• **TASK TO COMPLETE**: Write out, word for word, the first line of the data below and every line after it through the one containing "('e \<Rightarrow> 'v) \<Rightarrow> 'v".

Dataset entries
text \<open>The graph G has vertex set V, edge set E,
  and each edge e has two (possibly equal) endpoints src e and tgt e (an arbitrary
  orientation, used only to parametrise e as the segment [0, l e]).  Loops are
  edges with src e = tgt e, multiple edges are distinct elements of E.\<close>

definition deg_in :: "'e set \<Rightarrow> ('e \<Rightarrow> 'v) \<Rightarrow> ('e \<Rightarrow> 'v) \<Rightarrow> 'v \<Rightarrow> nat" where
  "deg_in P src tgt v = card {e\<in>P. src e = v} + card {e\<in>P. tgt e = v}"
  \<comment> \<open>degree of v in the subgraph spanned by P; loops count twice\<close>

definition graph_connected :: "'v set \<Rightarrow> 'e set \<Rightarrow> ('e \<Rightarrow> 'v) \<Rightarrow> ('e \<Rightarrow> 'v) \<Rightarrow> bool" where
  "graph_connected V E src tgt \<longleftrightarrow>
     (\<forall>u\<in>V. \<forall>v\<in>V. (u, v) \<in> ({(src e, tgt e) | e. e \<in> E} \<union> {(tgt e, src e) | e. e \<in> E})\<^sup>*)"

definition tropical_curve ::
  "'v set \<Rightarrow> 'e set \<Rightarrow> ('e \<Rightarrow> 'v) \<Rightarrow> ('e \<Rightarrow> 'v) \<Rightarrow> ('v \<Rightarrow> nat) \<Rightarrow> ('e \<Rightarrow> real) \<Rightarrow> bool" where
  "tropical_curve V E src tgt w l \<longleftrightarrow>
     finite V \<and> V \<noteq> {} \<and> finite E \<and> (\<forall>e\<in>E. src e \<in> V \<and> tgt e \<in> V) \<and>
     graph_connected V E src tgt \<and>
     (\<forall>v\<in>V. 2 * int (w v) - 2 + int (deg_in E src tgt v) > 0) \<and>
     (\<forall>e\<in>E. l e > 0)"

text \<open>Points of the metric space Gamma: vertices, and interior points of edges
  (Pt e t is the point of e at distance t from src e, 0 < t < l e).\<close>

datatype ('v, 'e) tpoint = Vtx 'v | Pt 'e real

• **ANSWER SPACE**:
text \<open>The graph G has vertex set V, edge set E,
  and each edge e has two (possibly equal) endpoints src e and tgt e (an arbitrary
  orientation, used only to parametrise e as the segment [0, l e]).  Loops are
  edges with src e = tgt e, multiple edges are distinct elements of E.\<close>

definition deg_in :: "'e set \<Rightarrow> ('e \<Rightarrow> 'v) \<Rightarrow> ('e \<Rightarrow> 'v) \<Rightarrow> 'v \<Rightarrow> nat" where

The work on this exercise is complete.